As the 18th edition of the annual MUSON Festival approaches, the Musical Society of Nigeria, MUSON Centre, Lagos has announced Tunde Jegede as its new artistic director.
Jegede who assumed duties at Nigeria’s prime art facility, last week, is a composer, multi-instrumentalist and musician par excellence. He takes over from Thomas Kanitz, a German, who was noted for his exemplary service while at the Centre.
Born in 1972 to a Nigerian father and an Irish mother, Jegede had his education at the Guildhall School of Music & Drama (1990-1992) and Purcell School of Music (1981-1999). His appreciation of African Diasporic culture was initiated and nurtured at the famous Keskidee Centre, Britain’s first Black Arts Centre. From an early age he was exposed to resident and visiting artists who worked in a multi-disciplinary mode such as Bob Marley, Walter Rodney, Edward Braithwaite, Angela Davis and Linton Kwesi Johnson. It was here, his path as an artist began.
Jegede’s apprenticeship in African music began in 1978 and was further developed in 1982 when he first went to the Gambia to study the ancient Griot tradition of West Africa, with Amadu Bansang Jobarteh, Master of the Kora (the Harp-Lute found in West Africa). The Jobarteh family are one of five principle musician families within this unique hereditary Oral tradition, which dates back to at least the 13th century.
His appreciation of Western Classical music began with his grandfather’s love of Bach and by observing his work as a church Organist. Tunde also studied Cello from the age of eight and over the years was taught by esteemed luminaries from the Classical world including: Alfia Bekova, Elma de Bruyne, Joan Dickson and Raphael Wallfisch at the Purcell School of music and later the Guildhall School of music.

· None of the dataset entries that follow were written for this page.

(* Let $k\ge 1$ and let $n\ge k-1$ be integers. Then the total number of standard Young tableaux of skew shape $\lambda/(k-1)$, summed over all partitions $\lambda$ of $n$ having at most three parts (and containing the one-row partition $(k-1)$), filled with the numbers $1,2,\ldots,n-k+1$, equals \[\sum_{i} r_{k,i}\, M_{i+n-k+1},\] where $M_m$ denotes the $m$th Motzkin number and the integers $r_{k,i}$ are defined by \[\sum_{k=1}^\infty r_k(x)y^k=\sum_{k=1}^\infty\sum_{i=0}^{k-1} r_{k,i}x^iy^k=\frac{y}{(1-y)\big(1+(1-x)y+y^2\big)}.\]
   Context: A partition $\lambda=(\lambda_1,\ldots,\lambda_l)$ of $n$ is a weakly decreasing sequence of positive integers summing to $n$; its parts are the $\lambda_i$. For partitions $\mu\subset\lambda$ (i.e. $\mu_i\le\lambda_i$ for all $i$), a standard Young tableau of skew shape $\lambda/\mu$ is a filling of the boxes of the Young diagram of $\lambda$ not in the Young diagram of $\mu$ with the numbers $1,2,\ldots,|\lambda|-|\mu|$, each used once, so that entries increase from left to right along rows and from top to bottom down columns. The Motzkin numbers are $M_m=\sum_{j=0}^{\lfloor m/2\rfloor}\frac{m!}{j!(j+1)!(m-2j)!}$, with generating function $\sum_{m\ge0}M_mx^m=\frac{1-x-\sqrt{1-2x-3x^2}}{2x^2}$. *)

theory Defs
  imports Complex_Main "HOL-Computational_Algebra.Formal_Power_Series"
begin

definition is_partition :: "nat list \<Rightarrow> bool" where
  "is_partition lam \<longleftrightarrow> sorted_wrt (\<ge>) lam \<and> (\<forall>p \<in> set lam. 0 < p)"

definition partitions_at_most3 :: "nat \<Rightarrow> nat list set" where
  "partitions_at_most3 n = {lam. is_partition lam \<and> sum_list lam = n \<and> length lam \<le> 3}"

definition part_contains :: "nat list \<Rightarrow> nat list \<Rightarrow> bool" where
  "part_contains mu lam \<longleftrightarrow> length mu \<le> length lam \<and> (\<forall>i < length mu. mu ! i \<le> lam ! i)"

definition part :: "nat list \<Rightarrow> nat \<Rightarrow> nat" where
  "part lam i = (if i < length lam then lam ! i else 0)"

definition skew_boxes :: "nat list \<Rightarrow> nat list \<Rightarrow> (nat \<times> nat) set" where
  "skew_boxes lam mu = {(i, j). i < length lam \<and> part mu i \<le> j \<and> j < part lam i}"

text \<open>Standard Young tableaux of skew shape lam/mu: bijective fillings of the boxes
  with 1..|lam|-|mu|, strictly increasing along rows and down columns
  (the filling is taken to be 0 outside the boxes, to make it unique).\<close>
definition skew_SYT :: "nat list \<Rightarrow> nat list \<Rightarrow> ((nat \<times> nat) \<Rightarrow> nat) set" where
  "skew_SYT lam mu = {T.
      bij_betw T (skew_boxes lam mu) {1..card (skew_boxes lam mu)} \<and>
      (\<forall>b. b \<notin> skew_boxes lam mu \<longrightarrow> T b = 0) \<and>
      (\<forall>i j j'. (i, j) \<in> skew_boxes lam mu \<and> (i, j') \<in> skew_boxes lam mu \<and> j < j'
               \<longrightarrow> T (i, j) < T (i, j')) \<and>
      (\<forall>i i' j. (i, j) \<in> skew_boxes lam mu \<and> (i', j) \<in> skew_boxes lam mu \<and> i < i'
               \<longrightarrow> T (i, j) < T (i', j))}"

definition motzkin :: "nat \<Rightarrow> nat" where
  "motzkin m = (\<Sum>j = 0..m div 2. fact m div (fact j * fact (j + 1) * fact (m - 2 * j)))"

text \<open>The bivariate generating function y / ((1-y)(1+(1-x)y+y^2)) as a power series
  in y whose coefficients are power series in x.\<close>
definition r_gf :: "real fps fps" where
  "r_gf = fps_X * inverse ((1 - fps_X) * (1 + fps_const (1 - fps_X) * fps_X + fps_X ^ 2))"

definition r_coeff :: "nat \<Rightarrow> nat \<Rightarrow> real" where
  "r_coeff k i = fps_nth (fps_nth r_gf k) i"

end

theory Submission
  imports Defs "HOL-Computational_Algebra.Polynomial"
begin

text \<open>
  Removing the cell that contains 1 shows that the tableaux to be counted are the walks of
  length N = n - k + 1 in Young's lattice of shapes with at most three rows, starting at the
  one-row shape (k - 1). Give each such shape its Schur polynomial in the specialisation
  e1 = e2 = x, e3 = 1 (an SL3-character, so full columns of height three may be removed). Pieri's
  rule, x times a Schur polynomial is the sum over all ways to add a box, then shows that the
  number of such walks from a shape \<lambda> is L(x^N s_\<lambda>) for every linear functional L with
  L(s_\<mu>) = 1 for all shapes \<mu>.
  The functional whose moments L(x^i) are the Motzkin numbers has this property: its orthogonal
  polynomials are the Chebyshev polynomials U_d((x - 1)/2), the complete homogeneous polynomial
  h_a is their partial sum up to degree a, hence L(h_a h_b) = min a b + 1 and, by Jacobi--Trudi,
  L(s_(a,b)) = L(h_a h_b - h_(a+1) h_(b-1)) = 1. Finally s_(k-1) = h_(k-1) = r_k(x), since
  y / ((1 - y) (1 + (1 - x) y + y^2)) = y / (1 - x y + x y^2 - y^3).
\<close>

section \<open>Motzkin paths\<close>

fun motzkin_paths :: "nat \<Rightarrow> nat \<Rightarrow> int" where
  "motzkin_paths e 0 = (if e = 0 then 1 else 0)"
| "motzkin_paths e (Suc i) =
     (if 0 < e then motzkin_paths (e - 1) i else 0) + motzkin_paths e i + motzkin_paths (Suc e) i"

text \<open>Ballot numbers: the up/down paths of length e + 2k from height 0 to height e that stay
  nonnegative. The subtrahend is (e + 2k choose k - 1), written so that it vanishes for k = 0.\<close>
definition ballot :: "nat \<Rightarrow> nat \<Rightarrow> int" where
  "ballot k e = int (e + 2 * k choose k) - int (e + 2 * k choose (e + k + 1))"

lemma ballot_0_left [simp]: "ballot 0 e = 1"
  by (simp add: ballot_def)

lemma ballot_Suc_Suc: "ballot (Suc k) (Suc e) = ballot (Suc k) e + ballot k (Suc (Suc e))"
  by (simp add: ballot_def algebra_simps)

lemma ballot_Suc_0: "ballot (Suc k) 0 = ballot k 1"
  by (simp add: ballot_def algebra_simps)

text \<open>Choose the e + 2k steps of the path that are not flat.\<close>
lemma motzkin_paths_eq_ballot_sum:
  assumes "i \<le> n"
  shows "motzkin_paths e i = (\<Sum>k\<le>n. int (i choose (e + 2 * k)) * ballot k e)"
  using assms
proof (induction i arbitrary: e n)
  case 0
  then show ?case by (simp add: binomial_eq_0 sum.atMost_shift)
next
  case (Suc i)
  then obtain n' where n: "n = Suc n'" "i \<le> n'" by (cases n) auto
  have IH: "motzkin_paths e' i = (\<Sum>k\<le>m. int (i choose (e' + 2 * k)) * ballot k e')" if "m \<in> {n', n}" for e' m
    using Suc n that by auto
  show ?case
  proof (cases e)
    case 0
    have "(\<Sum>k\<le>n. int (Suc i choose (2 * k)) * ballot k 0)
        = 1 + (\<Sum>k\<le>n'. int (i choose Suc (2 * k)) * ballot k 1)
            + (\<Sum>k\<le>n'. int (i choose (2 * Suc k)) * ballot (Suc k) 0)"
      unfolding n sum.atMost_Suc_shift by (simp add: ballot_Suc_0 algebra_simps sum.distrib del: sum.atMost_Suc)
    also have "\<dots> = motzkin_paths 1 i + motzkin_paths 0 i"
      using IH[of n' 1] IH[of n 0] unfolding n sum.atMost_Suc_shift by (simp del: sum.atMost_Suc)
    finally show ?thesis using 0 by simp
  next
    case (Suc e')
    have "(\<Sum>k\<le>n. int (Suc i choose (e + 2 * k)) * ballot k e)
        = (\<Sum>k\<le>n. int (i choose (e' + 2 * k)) * ballot k e')
            + (\<Sum>k\<le>n'. int (i choose (Suc (Suc e') + 2 * k)) * ballot k (Suc (Suc e')))
            + (\<Sum>k\<le>n. int (i choose (e + 2 * k)) * ballot k e)"
      unfolding Suc n sum.atMost_Suc_shift by (simp add: ballot_Suc_Suc algebra_simps sum.distrib del: sum.atMost_Suc)
    also have "\<dots> = motzkin_paths e' i + motzkin_paths (Suc e) i + motzkin_paths e i"
      using IH[of n' "Suc (Suc e')"] IH[of n e'] IH[of n e] Suc by simp
    finally show ?thesis using Suc by simp
  qed
qed

lemma Suc_times_ballot_0: "int (Suc k) * ballot k 0 = int (2 * k choose k)"
proof (cases k)
  case (Suc k')
  have two_k: "Suc (k + k') = 2 * k" using Suc by simp
  have "Suc k * (2 * k choose Suc k) = k * (2 * k choose k)"
    using Suc_times_binomial_add[of "Suc k'" k'] unfolding two_k Suc[symmetric] .
  then have "int (Suc k) * int (2 * k choose Suc k) = int k * int (2 * k choose k)"
    by (metis of_nat_mult)
  then show ?thesis by (simp add: ballot_def algebra_simps)
qed (simp add: ballot_def)

lemma ballot_0_right: "ballot k 0 = int ((2 * k choose k) div Suc k)"
proof -
  have "0 \<le> int (Suc k) * ballot k 0"
    by (simp only: Suc_times_ballot_0 of_nat_0_le_iff)
  then have "ballot k 0 \<ge> 0"
    by (simp add: zero_le_mult_iff)
  then obtain c where c: "ballot k 0 = int c" by (metis nonneg_int_cases)
  then have "Suc k * c = (2 * k choose k)"
    using Suc_times_ballot_0[of k] by (metis of_nat_eq_iff of_nat_mult)
  then show ?thesis using c by (metis nonzero_mult_div_cancel_left old.nat.distinct(2))
qed

lemma fact_div_motzkin_summand:
  assumes "2 * k \<le> i"
  shows "fact i div (fact k * fact (Suc k) * fact (i - 2 * k)) = (i choose (2 * k)) * ((2 * k choose k) div Suc k)"
proof -
  define c where "c = (2 * k choose k) div Suc k"
  have "Suc k * c = (2 * k choose k)"
    using Suc_times_ballot_0[of k] unfolding ballot_0_right c_def[symmetric]
    by (metis of_nat_eq_iff of_nat_mult)
  then have "(fact i :: nat) = fact k * fact k * (Suc k * c) * fact (i - 2 * k) * (i choose (2 * k))"
    using binomial_fact_lemma[OF assms] binomial_fact_lemma[of k "2 * k"] by (simp add: mult_2)
  also have "\<dots> = (fact k * fact (Suc k) * fact (i - 2 * k)) * ((i choose (2 * k)) * c)"
    by (simp add: algebra_simps)
  finally show ?thesis by (simp add: c_def del: fact_Suc)
qed

lemma motzkin_paths_0: "motzkin_paths 0 i = int (motzkin i)"
proof -
  have "motzkin_paths 0 i = (\<Sum>k\<le>i. int (i choose (2 * k)) * ballot k 0)"
    using motzkin_paths_eq_ballot_sum[of i i 0] by simp
  also have "\<dots> = (\<Sum>k = 0..i div 2. int (i choose (2 * k)) * ballot k 0)"
    by (rule sum.mono_neutral_right) auto
  also have "\<dots> = int (motzkin i)"
    unfolding motzkin_def of_nat_sum
    by (intro sum.cong refl) (auto simp: ballot_0_right fact_div_motzkin_summand simp del: fact_Suc)
  finally show ?thesis .
qed

section \<open>The Motzkin functional and its orthogonal polynomials\<close>

definition motzkin_functional :: "nat \<Rightarrow> int poly \<Rightarrow> int" where
  "motzkin_functional e p = (\<Sum>i\<le>degree p. coeff p i * motzkin_paths e i)"

lemma motzkin_functional_eq_sum:
  "degree p \<le> D \<Longrightarrow> motzkin_functional e p = (\<Sum>i\<le>D. coeff p i * motzkin_paths e i)"
  unfolding motzkin_functional_def by (rule sum.mono_neutral_left) (auto simp: coeff_eq_0)

lemma motzkin_functional_add: "motzkin_functional e (p + q) = motzkin_functional e p + motzkin_functional e q"
proof -
  define D where "D = max (degree p) (degree q)"
  have "degree (p + q) \<le> D" "degree p \<le> D" "degree q \<le> D"
    by (auto simp: D_def degree_add_le)
  then show ?thesis by (simp add: motzkin_functional_eq_sum sum.distrib algebra_simps)
qed

lemma motzkin_functional_minus: "motzkin_functional e (- p) = - motzkin_functional e p"
  by (simp add: motzkin_functional_def sum_negf)

lemma motzkin_functional_diff: "motzkin_functional e (p - q) = motzkin_functional e p - motzkin_functional e q"
  using motzkin_functional_add[of e p "- q"] by (simp add: motzkin_functional_minus)

lemma motzkin_functional_0 [simp]: "motzkin_functional e 0 = 0"
  by (simp add: motzkin_functional_def)

lemma motzkin_functional_1: "motzkin_functional e 1 = (if e = 0 then 1 else 0)"
  by (simp add: motzkin_functional_def)

lemma motzkin_functional_sum: "motzkin_functional e (\<Sum>d\<in>A. f d) = (\<Sum>d\<in>A. motzkin_functional e (f d))"
  by (induction A rule: infinite_finite_induct) (auto simp: motzkin_functional_add)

In 1988 he became fascinated with Jazz and worked and toured with ex-members of the Jazz Warriors founded by Courtney Pine & Cleveland Watkiss. He formed his own Jazz Ensemble, The Jazz Griots, with the sole purpose of exploring the connections between African and African Diasporic forms of music.
In 1991 he pioneered African Classical Music in the UK with the first ever-national tour of the African Classical Music Ensemble, which nurtured his burgeoning composer credentials. In 1995 a BBC TV documentary, ‘Africa I Remember’ was done on Jegede’s music and centred around his orchestral work. In this programme he performed new compositions alongside the London Sinfonietta, which was conducted by Markus Stenz.
Jegede has vast and thorough knowledge in African and European Classical Music spanning over three decades. His music has been performed all over the world in concert halls such as; Carnegie Hall (New York), the Royal Albert Hall (London), and the Basilque (Paris) by international Orchestras and artists including: the Royal Philharmonic Orchestra, The Philharmonia, London Sinfonietta, Brodsky Quartet, Smith Quartet and the percussion soloist , Evelyn Glennie.
Jegede is assuming duties just as the MUSON Festival committee is about to officially release the full programme of the festival, which in 18 years has become a yearly landmark in the Lagos and Nigeria cultural calendar.
The 10-day MUSON Festival 2014 featuring a potpourri of high-quality artistic and cultural productions, holds from October 16th through 26th in the premises of the Society at 8/9 Marina, Onikan Lagos.